text \<open>
  In \<open>\<Sum>\<^sub>i x\<^sub>i \<Prod>\<^sub>k\<^sub>\<noteq>\<^sub>i y\<^sub>k = 0\<close> every term with \<open>i \<noteq> j\<close> is divisible by \<open>q\<^sup>E\<close> with
  \<open>E = \<Sum>\<^sub>k v\<^sub>k - max\<^sub>k\<^sub>\<noteq>\<^sub>j v\<^sub>k\<close>, where \<open>v\<^sub>k\<close> is the valuation of \<open>y\<^sub>k\<close>; hence so is the \<open>j\<close>-th term.
\<close>
lemma multiplicity_gap_le_multiplicity:
  fixes x y :: "nat \<Rightarrow> int"
  assumes "2 \<le> n" and nz: "\<forall>k\<in>{1..n}. y k \<noteq> 0"
    and eq: "(\<Sum>i=1..n. x i * (\<Prod>k\<in>{1..n} - {i}. y k)) = 0"
    and j: "j \<in> {1..n}" and q: "prime q" and "x j \<noteq> 0"
  shows "\<exists>i\<in>{1..n}. i \<noteq> j \<and> multiplicity q (y j) - multiplicity q (y i) \<le> multiplicity q (x j)"
proof -
  define v where "v k = multiplicity q (y k)" for k
  define J where "J = {1..n} - {j}"
  have "finite J" unfolding J_def by simp
  have "(if j = 1 then 2 else 1) \<in> J" using \<open>2 \<le> n\<close> j unfolding J_def by auto
  then have "J \<noteq> {}" by blast
  define M where "M = Max (v ` J)"
  have "M \<in> v ` J" unfolding M_def using \<open>finite J\<close> \<open>J \<noteq> {}\<close> by simp
  then obtain i where i: "i \<in> J" "v i = M" by auto
  have v_le_M: "v k \<le> M" if "k \<in> J" for k unfolding M_def using \<open>finite J\<close> that by simp
  define P where "P k = (\<Prod>l\<in>{1..n} - {k}. y l)" for k
  have P_nonzero: "P k \<noteq> 0" for k unfolding P_def using nz by (simp add: prod_zero_iff)
  have multiplicity_P: "multiplicity q (P k) = (\<Sum>l\<in>{1..n} - {k}. v l)" for k
    unfolding P_def v_def by (rule prime_elem_multiplicity_prod_distrib) (use q nz in auto)
  have sum_v: "(\<Sum>l\<in>{1..n} - {k}. v l) + v k = (\<Sum>l=1..n. v l)" if "k \<in> {1..n}" for k
    using sum.remove[of "{1..n}" k v] that by simp
  define S where "S = (\<Sum>l\<in>J. v l)"
  have "M \<le> S" unfolding S_def using i \<open>finite J\<close> by (metis member_le_sum zero_le)
  define E where "E = S + v j - M"
  have "E \<le> multiplicity q (P k)" if k: "k \<in> J" for k
    using sum_v[of k] sum_v[OF j] v_le_M[OF k] k
    unfolding E_def S_def J_def multiplicity_P by auto
  then have "q ^ E dvd (\<Sum>k\<in>J. x k * P k)"
    by (intro dvd_sum dvd_mult multiplicity_dvd')
  moreover have "x j * P j = - (\<Sum>k\<in>J. x k * P k)"
    using eq sum.remove[of "{1..n}" j "\<lambda>i. x i * P i"] j unfolding P_def J_def by simp
  ultimately have "q ^ E dvd x j * P j" by simp
  then have "E \<le> multiplicity q (x j * P j)"
    using multiplicity_geI[of "x j * P j" q E] \<open>x j \<noteq> 0\<close> P_nonzero q not_prime_unit by auto
  also have "\<dots> = multiplicity q (x j) + S"
    using prime_elem_multiplicity_mult_distrib[OF prime_imp_prime_elem[OF q] \<open>x j \<noteq> 0\<close> P_nonzero]
      multiplicity_P[of j] by (simp add: S_def J_def)
  finally have "v j - M \<le> multiplicity q (x j)" unfolding E_def using \<open>M \<le> S\<close> by linarith
  then show ?thesis using i unfolding J_def v_def by auto
qed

—————

__What to do__
Each line above is to be reproduced exactly. Leave none out.

__Written response__
text \<open>
  In \<open>\<Sum>\<^sub>i x\<^sub>i \<Prod>\<^sub>k\<^sub>\<noteq>\<^sub>i y\<^sub>k = 0\<close> every term with \<open>i \<noteq> j\<close> is divisible by \<open>q\<^sup>E\<close> with
  \<open>E = \<Sum>\<^sub>k v\<^sub>k - max\<^sub>k\<^sub>\<noteq>\<^sub>j v\<^sub>k\<close>, where \<open>v\<^sub>k\<close> is the valuation of \<open>y\<^sub>k\<close>; hence so is the \<open>j\<close>-th term.
\<close>
lemma multiplicity_gap_le_multiplicity:
  fixes x y :: "nat \<Rightarrow> int"
  assumes "2 \<le> n" and nz: "\<forall>k\<in>{1..n}. y k \<noteq> 0"
    and eq: "(\<Sum>i=1..n. x i * (\<Prod>k\<in>{1..n} - {i}. y k)) = 0"
    and j: "j \<in> {1..n}" and q: "prime q" and "x j \<noteq> 0"
  shows "\<exists>i\<in>{1..n}. i \<noteq> j \<and> multiplicity q (y j) - multiplicity q (y i) \<le> multiplicity q (x j)"
proof -
  define v where "v k = multiplicity q (y k)" for k
  define J where "J = {1..n} - {j}"
  have "finite J" unfolding J_def by simp
  have "(if j = 1 then 2 else 1) \<in> J" using \<open>2 \<le> n\<close> j unfolding J_def by auto
  then have "J \<noteq> {}" by blast
  define M where "M = Max (v ` J)"
  have "M \<in> v ` J" unfolding M_def using \<open>finite J\<close> \<open>J \<noteq> {}\<close> by simp
  then obtain i where i: "i \<in> J" "v i = M" by auto
  have v_le_M: "v k \<le> M" if "k \<in> J" for k unfolding M_def using \<open>finite J\<close> that by simp
  define P where "P k = (\<Prod>l\<in>{1..n} - {k}. y l)" for k
  have P_nonzero: "P k \<noteq> 0" for k unfolding P_def using nz by (simp add: prod_zero_iff)
  have multiplicity_P: "multiplicity q (P k) = (\<Sum>l\<in>{1..n} - {k}. v l)" for k
    unfolding P_def v_def by (rule prime_elem_multiplicity_prod_distrib) (use q nz in auto)
  have sum_v: "(\<Sum>l\<in>{1..n} - {k}. v l) + v k = (\<Sum>l=1..n. v l)" if "k \<in> {1..n}" for k
    using sum.remove[of "{1..n}" k v] that by simp
  define S where "S = (\<Sum>l\<in>J. v l)"
  have "M \<le> S" unfolding S_def using i \<open>finite J\<close> by (metis member_le_sum zero_le)
  define E where "E = S + v j - M"
  have "E \<le> multiplicity q (P k)" if k: "k \<in> J" for k
    using sum_v[of k] sum_v[OF j] v_le_M[OF k] k
    unfolding E_def S_def J_def multiplicity_P by auto
  then have "q ^ E dvd (\<Sum>k\<in>J. x k * P k)"
    by (intro dvd_sum dvd_mult multiplicity_dvd')
  moreover have "x j * P j = - (\<Sum>k\<in>J. x k * P k)"
    using eq sum.remove[of "{1..n}" j "\<lambda>i. x i * P i"] j unfolding P_def J_def by simp
  ultimately have "q ^ E dvd x j * P j" by simp
  then have "E \<le> multiplicity q (x j * P j)"
    using multiplicity_geI[of "x j * P j" q E] \<open>x j \<noteq> 0\<close> P_nonzero q not_prime_unit by auto
  also have "\<dots> = multiplicity q (x j) + S"
    using prime_elem_multiplicity_mult_distrib[OF prime_imp_prime_elem[OF q] \<open>x j \<noteq> 0\<close> P_nonzero]
      multiplicity_P[of j] by (simp add: S_def J_def)
  finally have "v j - M \<le> multiplicity q (x j)" unfolding E_def using \<open>M \<le> S\<close> by linarith
  then show ?thesis using i unfolding J_def v_def by auto
qed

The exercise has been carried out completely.